New York’s diversity is on delicious display at its immigrant-owned food shops, whether it’s one of the five boroughs’ 16,000 bodegas or a fourth-generation Jewish appetizing store. These five specialty grocery stores across NYC each deserve a visit.
LessOne of the last remaining institutions of the Lower East Side’s Jewish history, Russ & Daughters is best understood as the place where one buys “the foods one eats with bagels” like lox, herring, whitefish, cream cheese spreads, and (why not) house-label caviar. When Joel Russ immigrated here in 1907 from a shtetl in what is now Poland, he began selling schmaltz herring to the Eastern European Jews in the neighborhood. The fourth generation of Russes now operate the shop on Houston Street.
When Kerope Kalustyan, an Armenian chef from Turkey, founded Kalustyan’s in Kips Bay in 1944, he most likely didn’t imagine it expanding across storefronts and floors to become an essential resource for chefs and globally-minded home cooks.
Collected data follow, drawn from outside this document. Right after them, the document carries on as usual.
lemma orbit_perm_restrict_diff_orbit:
  assumes p: "p permutes S" and fin: "finite S" and x: "x \<in> S - orbit p s"
  shows "orbit (perm_restrict p (S - orbit p s)) x = orbit p x"
proof (rule orbit_cong0[symmetric, OF x])
  have "p y \<in> S - orbit p s" if "y \<in> S - orbit p s" for y
    using that cyclic_on_f_in[OF p cyclic_on_orbit[OF p fin], of y s] permutes_in_image[OF p]
    by blast
  then show "p \<in> S - orbit p s \<rightarrow> S - orbit p s" by blast
qed (simp add: perm_restrict_def)

lemma orbits_remove_orbit:
  assumes p: "p permutes S" and fin: "finite S" and s: "s \<in> S"
  defines "B \<equiv> orbit p s" and "q \<equiv> perm_restrict p (S - orbit p s)"
  shows "(\<lambda>x. orbit p x) ` S = insert B ((\<lambda>x. orbit q x) ` (S - B))"
proof -
  have "B \<subseteq> S" unfolding B_def by (rule permutes_orbit_subset[OF p s])
  then have "(\<lambda>x. orbit p x) ` S = (\<lambda>x. orbit p x) ` B \<union> (\<lambda>x. orbit p x) ` (S - B)"
    by (metis Diff_partition image_Un)
  also have "(\<lambda>x. orbit p x) ` B = {B}"
    using orbit_eq_if_in_orbit[OF p fin] permutation_self_in_orbit[OF permutes_imp_permutation[OF fin p]]
    unfolding B_def by blast
  also have "(\<lambda>x. orbit p x) ` (S - B) = (\<lambda>x. orbit q x) ` (S - B)"
    using orbit_perm_restrict_diff_orbit[OF p fin] unfolding B_def q_def by simp
  finally show ?thesis by simp
qed

lemma cycles4k_of_remove_orbit:
  assumes p: "p permutes S" and fin: "finite S" and s: "s \<in> S"
  defines "B \<equiv> orbit p s" and "q \<equiv> perm_restrict p (S - orbit p s)"
  shows "cycles4k_of p S = (if 4 dvd card B then insert (perm_edges p B) (cycles4k_of q (S - B))
                            else cycles4k_of q (S - B))"
proof -
  have q: "q permutes S - B"
    unfolding q_def B_def by (rule perm_restrict_diff_cyclic[OF p cyclic_on_orbit[OF p fin]])
  have "perm_edges p (orbit q x) = perm_edges q (orbit q x)" if "x \<in> S - B" for x
    using permutes_orbit_subset[OF q that] by (intro perm_edges_cong) (auto simp: q_def B_def perm_restrict_def)
  then have "perm_edges p ` {B' \<in> (\<lambda>x. orbit q x) ` (S - B). 4 dvd card B'} = cycles4k_of q (S - B)"
    unfolding cycles4k_of_def by (intro image_cong) auto
  moreover have "{B' \<in> (\<lambda>x. orbit p x) ` S. 4 dvd card B'} =
      (if 4 dvd card B then insert B else id) {B' \<in> (\<lambda>x. orbit q x) ` (S - B). 4 dvd card B'}"
    unfolding orbits_remove_orbit[OF p fin s, folded B_def q_def] by auto
  ultimately show ?thesis unfolding cycles4k_of_def[of p] by auto
qed

lemma perm_edges_orbit_notin_cycles4k_of_remove:
  assumes p: "p permutes S" and fin: "finite S" and s: "s \<in> S"
  defines "B \<equiv> orbit p s" and "q \<equiv> perm_restrict p (S - orbit p s)"
  shows "perm_edges p B \<notin> cycles4k_of q (S - B)"
proof
  have q: "q permutes S - B"
    unfolding q_def B_def by (rule perm_restrict_diff_cyclic[OF p cyclic_on_orbit[OF p fin]])
  assume "perm_edges p B \<in> cycles4k_of q (S - B)"
  then obtain x where x: "x \<in> S - B" and "perm_edges p B = perm_edges q (orbit q x)"
    unfolding cycles4k_of_def by auto
  then have "B = orbit q x" unfolding B_def by (metis Union_perm_edges_orbit)
  then have "B \<subseteq> S - B" using permutes_orbit_subset[OF q x] by simp
  moreover have "s \<in> B"
    unfolding B_def by (rule permutation_self_in_orbit[OF permutes_imp_permutation[OF fin p]])
  ultimately show False by blast
qed

lemma card_cycles4k_of_remove_orbit:
  assumes p: "p permutes S" and fin: "finite S" and s: "s \<in> S"
  defines "B \<equiv> orbit p s" and "q \<equiv> perm_restrict p (S - orbit p s)"
  shows "card (cycles4k_of p S) = (if 4 dvd card B then Suc (card (cycles4k_of q (S - B)))
                                   else card (cycles4k_of q (S - B)))"
  using cycles4k_of_remove_orbit[OF p fin s] perm_edges_orbit_notin_cycles4k_of_remove[OF p fin s]
    finite_cycles4k_of[of "S - B" q] fin
  unfolding B_def q_def by simp

section \<open>The sign of a cycle cover of a bipartite graph\<close>

lemma sign_cycle_of_list:
  "distinct cs \<Longrightarrow> cs \<noteq> [] \<Longrightarrow> sign (cycle_of_list cs) = (-1) ^ (length cs - 1)"
proof (induction cs rule: cycle_of_list.induct)
  case (1 i j cs)
  have "sign (cycle_of_list (i # j # cs)) = sign (transpose i j) * sign (cycle_of_list (j # cs))"
    by (simp add: sign_compose permutation_swap_id permutation_of_cycle)
  also have "\<dots> = - ((-1) ^ (length (j # cs) - 1))" using 1 by (simp add: sign_swap_id)
  finally show ?case by (simp del: cycle_of_list.simps)
qed auto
Primarily focused on ingredients of the subcontinent, the packed-to-the-rafters store teems with Middle Eastern and South Asian spices. Delight also in the frozen Indian food, chaat mixes, and labneh spreads, and a dessert case that is a journey in itself.
In operation since 1948, Sahadi’s, a family-owned food bazaar now spanning three storefronts in Brooklyn Heights, is an unparalleled space for Middle Eastern ingredients, reflecting the neighborhood’s history as an immigrant enclave. The bulk-goods section offers a diverse selection of dried fruits, nuts, grains, flours, and candies; in the prepared foods section, order just-made hummus with za’atar bread to take to the nearby Brooklyn promenade, with pistachio baklava for a flaky finish.
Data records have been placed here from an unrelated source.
lemma hyp0F1_partial_sums_at_test_point:
  assumes "0 < \<mu>"
  shows "(\<Sum>n<3. hyp0F1_coeff \<mu> n * (\<mu> * (\<mu> + 1)) ^ n) = (\<mu>\<^sup>2 + 3 * \<mu> + 4) / 2"
    and "(\<Sum>n<3. hyp0F1_coeff \<mu> n * (- (\<mu> * (\<mu> + 1))) ^ n) = \<mu> * (\<mu> - 1) / 2"
    and "(\<Sum>n<2. hyp0F1_coeff (\<mu> + 1) n * (\<mu> * (\<mu> + 1)) ^ n) = 1 + \<mu>"
    and "(\<Sum>n<2. hyp0F1_coeff (\<mu> + 1) n * (\<mu> * (\<mu> + 1)) ^ n)
           + 2 * (hyp0F1_coeff (\<mu> + 1) 2 * (\<mu> * (\<mu> + 1)) ^ 2) = (1 + \<mu>) * (\<mu>\<^sup>2 + \<mu> + 2) / (\<mu> + 2)"
proof -
  have cancel: "\<mu> * (\<mu> + 1) / \<mu> = \<mu> + 1" "\<mu> * (\<mu> + 1) / (\<mu> + 1) = \<mu>"
    using assms by simp_all
  have "s\<^sup>2 / (2 * s) = s / 2" if "s \<noteq> 0" for s :: real
    using that by (simp add: power2_eq_square)
  then have square: "(\<mu> * (\<mu> + 1))\<^sup>2 / (2 * (\<mu> * (\<mu> + 1))) = \<mu> * (\<mu> + 1) / 2"
    using assms by simp
  have "2 * (1 / (2 * (s * r)) * (\<mu> * s)\<^sup>2) = \<mu>\<^sup>2 * s / r" if "s > 0" "r > 0" for s r
    using that by (simp add: power2_eq_square field_simps)
  then have term2: "2 * (hyp0F1_coeff (\<mu> + 1) 2 * (\<mu> * (\<mu> + 1)) ^ 2) = \<mu>\<^sup>2 * (\<mu> + 1) / (\<mu> + 2)"
    unfolding hyp0F1_coeff_2 using assms by (simp add: add.assoc)
  show "(\<Sum>n<3. hyp0F1_coeff \<mu> n * (\<mu> * (\<mu> + 1)) ^ n) = (\<mu>\<^sup>2 + 3 * \<mu> + 4) / 2"
    unfolding hyp0F1_partial_sum_3 cancel square by (simp add: field_simps power2_eq_square)
  show "(\<Sum>n<3. hyp0F1_coeff \<mu> n * (- (\<mu> * (\<mu> + 1))) ^ n) = \<mu> * (\<mu> - 1) / 2"
    unfolding hyp0F1_partial_sum_3 power2_minus minus_divide_left[symmetric] cancel square
    by (simp add: field_simps power2_eq_square)
  show "(\<Sum>n<2. hyp0F1_coeff (\<mu> + 1) n * (\<mu> * (\<mu> + 1)) ^ n) = 1 + \<mu>"
    unfolding hyp0F1_partial_sum_2 cancel by simp
  have "\<mu> + 2 > 0" using assms by simp
  then show "(\<Sum>n<2. hyp0F1_coeff (\<mu> + 1) n * (\<mu> * (\<mu> + 1)) ^ n)
           + 2 * (hyp0F1_coeff (\<mu> + 1) 2 * (\<mu> * (\<mu> + 1)) ^ 2) = (1 + \<mu>) * (\<mu>\<^sup>2 + \<mu> + 2) / (\<mu> + 2)"
    unfolding hyp0F1_partial_sum_2 cancel term2 by (simp add: field_simps power2_eq_square)
qed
In this wonderland of spices and rare foods in Alphabet City, Atef Boulaabi, the charismatic Tunisian-born owner, invites you to open her jars and smell the blossoms, herbs, hydrosols, powders, dried mushrooms, and infused vinegars, stacked on 14-foot shelves. Rub shoulders with NYC’s most revered chefs while spicing up your kitchen with rare ingredients like blue salt from the deserts of Iran and apricot kernel oil for your next bowl of popcorn.
Flushing is home to New York City's largest Chinatown, and JMart feels like a massive supermarket in Beijing. Wind through aisles dedicated to different types of noodles (instant, dried, even hand-pulled!) and every rice variety you can imagine. You come here to buy hard-to-find delicacies common in the Far East: Fresh durian (and durian mooncakes), periwinkles and eels, brown sugar boba-flavored popcorn, and the sweetest jufeng grapes in all of New York ($12 a box, but so worth it).
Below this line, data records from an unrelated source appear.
lemma expected_sq_err_step_le:
  assumes "w \<in> W"
  shows "measure_pmf.expectation (step t w) sq_err
           \<le> (1 - (2 * real eta - 1/4) / (real t + real eta)) * sq_err w
             + 2 * (real eta)\<^sup>2 * (M / mu\<^sup>2) / (real t + real eta)\<^sup>2"
proof -
  define \<gamma> where "\<gamma> = step_size eta mu t"
  define p where "p = fail_prob eta t"
  define B where "B = sqrt M * norm (w - w_star)"
  have \<gamma>: "0 \<le> \<gamma>" using mu_pos by (simp add: \<gamma>_def step_size_def)
  have "measure_pmf.expectation (step t w) sq_err
      = (\<Sum>i\<in>{1..n}. measure_pmf.expectation (est t i w) (\<lambda>y. sq_err (update t i y w))) / n"
    using n_pos unfolding step_def
    by (subst pmf_expectation_bind_pmf_of_set) (auto simp: divide_inverse_commute sum_distrib_left)
  also have "\<dots> \<le> (\<Sum>i\<in>{1..n}. sq_err w + \<gamma>\<^sup>2 * M + 4 * \<gamma> * p * B - 2 * \<gamma> * descent i w) / n"
    using expected_sq_err_update_le[OF _ assms, where t = t] unfolding \<gamma>_def p_def B_def
    by (intro divide_right_mono sum_mono) (auto simp: algebra_simps)
  also have "\<dots> = sq_err w + \<gamma>\<^sup>2 * M + 4 * \<gamma> * p * B - 2 * \<gamma> * ((\<Sum>i\<in>{1..n}. descent i w) / n)"
    using n_pos by (simp add: sum_subtractf sum_distrib_left field_simps)
  also have "\<dots> \<le> sq_err w + \<gamma>\<^sup>2 * M + 4 * \<gamma> * p * B - 2 * \<gamma> * (mu * sq_err w)"
    using average_descent_ge[OF assms] \<gamma> by (intro diff_left_mono mult_left_mono) auto
  also have "\<dots> = (1 - 2 * \<gamma> * mu) * sq_err w + \<gamma>\<^sup>2 * M + 4 * \<gamma> * p * B"
    by (simp add: algebra_simps)
  also have "\<dots> \<le> (1 - (2 * real eta - 1/4) / (real t + real eta)) * sq_err w
             + 2 * (real eta)\<^sup>2 * (M / mu\<^sup>2) / (real t + real eta)\<^sup>2"
    unfolding \<gamma>_def p_def B_def step_size_def fail_prob_def
    using eta_pos mu_pos M_nonneg by (intro sgd_step_coefficient_le) auto
  finally show ?thesis .
qed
Adja Khady is a snug market run by a group of sisters in Harlem’s Le Petit Sénégal, and specializes in Senegalese imports like baobab syrup, sumbala (a miso-like nut paste), blazing hot peppers, spiced coffee grounds, dried fish, and couscous made from millet––plus other products like handwoven baskets from the Ivory Coast, Sierra Leone, Burkina Faso and Mali. For your next dinner party, try your hand at superkanja, a Gambian soup made with okra, sweet potato leaves and chili peppers.
Tucked between a fried dumpling shop and a shi-shi omakase bar in Manhattan’s Chinatown, Bangkok Center Grocery is a staple for those passionate about Thai food. Stop into this tiny neighborhood grocer, where its floor-to-ceiling shelves are packed with rare ingredients: bird chillies, banana leaves, and canned rambutans. The most coveted item here? Fresh green kaffir lime leaves, which as many chefs know, are incredibly difficult to find, and essential to Thai cooking.
Part supermarket, part community center, Sunrise Mart is the one-stop-shop for homesick Japanese, who are lured to the market on Broome Street by the neon veggies in the window. You might find it challenging to navigate the packaged goods (most are labeled in Japanese), but don't fret: the friendly staff stand ready to translate—and will even give you cooking ideas and suggestions for what to do with that bottle of organic ponzu and 10-pound bag of sushi rice.
If we could only by charcuterie supplies from one store it would be Despaña Soho. While most days this shop operates as a purveyor of Spanish delicacies such as Jamon Iberico and a variety of Spanish's cheese, on friday and saturday nights they open a few tables for their tapas menu.
Located on one of the last few blocks of Little Italy Di Palo's make sure you know this. Stepping into the shop your senses are enveloped in the smells of the fresh mozzerella being made, the cacophony of conversation as long time customers and clerks chat about their daily going ons and most importantly the sight of cured meats hanging from the almost every conciveable place.